In the table below, the empty rectangles represent the available truck appointments. Filled rectangles represent filled appointments.

Pointing fingers and political promises and suggestions do not improve the flow of trade.

The reality is clear – until ocean carriers, terminals, warehouses and truckers put everything aside and are honest about how to rectify the situation, trade will continue to move at a lazy pace.

This game of port responsibility impedes the advancement of trade movement. Vessel congestion and its impact on safety and air quality in the San Pedro Bay area has led to new queuing measures that have lengthened transit times.

Freightos.com Data shows that the average monthly end-to-end transit time for China-US ocean shipments hit a record high of 80 days in December.

Here’s what it shows: 50% more than in December 2020 and 85% more than in 2019.

The Asia-West Coast rate is 169% higher than the same period last year. East Coast Asian and US prices climbed 6% to $17,476 per forty foot equivalent unit and are 190% higher than rates this week last year.

Idle trade does not make money.

All elements of a port must be at optimal levels for ships to enter and leave efficiently. The biggest impediment to trade flow out of the ports of Los Angeles and Long Beach is the fact that they are proprietary ports.

Two inland players in particular, terminal and chassis operators, have agreements with ocean carriers on everything from the amount of container “free time” importers can have at the port (which adds to the inland capacity problem ) as well as chassis and empty container restrictions (which dictate what type of container can be picked up or dropped off).

Until the shipping carriers change these agreements, congestion and charges will continue within the trucking industry. Add to that the lack of warehouse workers and automation and it’s a business cement cocktail.

This can easily be tracked by MarineTraffic as a vessel is in port.

Although the entry of smaller container ships calling at the Port of Los Angeles has reduced the number of TEUs handled at the port, it has not helped the port gain in efficiency. The frames are cemented outside the port. According to the dwell times of the chassis in the terminals and on the street, the chassis are in container purgatory.

The latest push by the Port of Los Angeles to free up land capacity is the threat to charge shipping carriers a levy on long-lived empty containers. Some improvement is recorded – but, again, the port is still at 100% capacity.
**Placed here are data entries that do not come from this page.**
(* Let $S=(G,-1,q)$ and $S'=(G',-1',q')$ be quaternionic structures. Then (a) $B(S\times S')\cong B(S)\times B(S')$, and (b) $B(S\Delta)\cong B(S)\times G$ as groups.
   Context: A quaternionic structure is a triple $S=(G,-1,q)$ where $G$ is a multiplicative group in which every element is its own inverse, $-1\in G$ is a distinguished element (possibly $-1=1$), $-a:=(-1)a$, and $q:G\times G\to Q$ is a surjective map onto a set $Q$ with distinguished element $0$, such that for all $a,b,c,d\in G$: (Q1) $q(a,-a)=0$; (Q2) $q(a,b)=q(b,a)$; (Q3) $q(a,b)=q(a,c)\iff q(a,bc)=0$; (Q4) $q(a,b)=q(c,d)\iff$ there is $x\in G$ with $q(a,b)=q(a,x)=q(c,x)=q(c,d)$. The abstract 2-Brauer group $B(S)$ is the abelian group, with operation $\ast$, generated by $Q$ subject only to the relations $q(a,b)\ast q(a,c)=q(a,bc)$ for all $a,b,c\in G$. Direct product: for $S_i=(G_i,e_i,q_i)$, $S_1\times S_2=(G_1\times G_2,(e_1,e_2),q_1\times q_2)$ with $(q_1\times q_2)((a_1,a_2),(b_1,b_2))=(q_1(a_1,b_1),q_2(a_2,b_2))$, quaternion set $Q_1\times Q_2$ and zero $(0,0)$. Group extension: $S\Delta=S[x]=(G\times\{1,x\},-1,q_x)$ where $\{1,x\}$ is cyclic of order $2$ (inner direct product notation) and $q_x(ax^\alpha,bx^\beta)=(q(a,b),(-1)^{\alpha\beta}a^\beta b^\alpha)\in Q\times G$ for $a,b\in G$, $\alpha,\beta\in\{0,1\}$, with zero quaternion $(0,1)$ and quaternion set the image of $q_x$. Both constructions yield quaternionic structures. *)

theory Defs
  imports "HOL-Algebra.Algebra" "HOL-Algebra.Free_Abelian_Groups"
begin

text \<open>A quaternionic structure (G, -1, q) with zero quaternion z.  The group G is a
  HOL-Algebra group; the quaternion set Q is the image of q on carrier G x carrier G
  (so q is surjective onto Q by construction).\<close>

definition qset :: "('a, 'm) monoid_scheme \<Rightarrow> ('a \<Rightarrow> 'a \<Rightarrow> 'q) \<Rightarrow> 'q set" where
  "qset G q = (\<lambda>(a, b). q a b) ` (carrier G \<times> carrier G)"

definition quaternionic_structure ::
  "('a, 'm) monoid_scheme \<Rightarrow> 'a \<Rightarrow> ('a \<Rightarrow> 'a \<Rightarrow> 'q) \<Rightarrow> 'q \<Rightarrow> bool" where
  "quaternionic_structure G m q z \<longleftrightarrow>
     group G \<and> (\<forall>a\<in>carrier G. a \<otimes>\<^bsub>G\<^esub> a = \<one>\<^bsub>G\<^esub>) \<and> m \<in> carrier G \<and> z \<in> qset G q \<and>
     (\<forall>a\<in>carrier G. q a (m \<otimes>\<^bsub>G\<^esub> a) = z) \<and>
     (\<forall>a\<in>carrier G. \<forall>b\<in>carrier G. q a b = q b a) \<and>
     (\<forall>a\<in>carrier G. \<forall>b\<in>carrier G. \<forall>c\<in>carrier G.
        q a b = q a c \<longleftrightarrow> q a (b \<otimes>\<^bsub>G\<^esub> c) = z) \<and>
     (\<forall>a\<in>carrier G. \<forall>b\<in>carrier G. \<forall>c\<in>carrier G. \<forall>d\<in>carrier G.
        q a b = q c d \<longleftrightarrow>
        (\<exists>x\<in>carrier G. q a b = q a x \<and> q a x = q c x \<and> q c x = q c d))"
In the table below, the empty rectangle represents empty container levels as of November 15. The filled rectangle represents the current quantity.

What we see here is like trying to dig a hole in quicksand. The inbound container volume cancels out any “earnings” in the outbound containers.

The Pacific Maritime Association told American Shipper, “Historic supply chain congestion highlights the vital role West Coast ports play in the U.S. economy and reinforces the importance of every link in our supply chain. of supply: warehouses, trucks, trains, truck chassis and other equipment, in addition to maritime terminals.

“Each of these must work efficiently and in concert, with sufficient manpower, to relieve the congestion that is slowing the movement of goods across the country.”

So what does this lack of productivity mean for the supply chain? Inflation.

Importers pay more for horrible service and for those who borrow, the interest they pay on these products is passed on to the consumer, fueling inflation.

Based on the marine and logistics visibility company Project44’s breakdown of an average freight value of $40,000 per twenty-foot equivalent unit out of the Port of Los Angeles, shippers found themselves paying about $106 per TEU per month against a financing cost of 3.2%.

A breakdown of project data44 shows an average of 540,255 TEUs per month expected outside the Port of Los Angeles in 2021 with an average of 377 container ships per month waiting at anchor for a berth.

Another disturbing trend in container movement out of the Port of Los Angeles is the increasing dwell time of US export containers. The increased dwell time is a physical reminder of shipping carriers taking empty containers on US exports.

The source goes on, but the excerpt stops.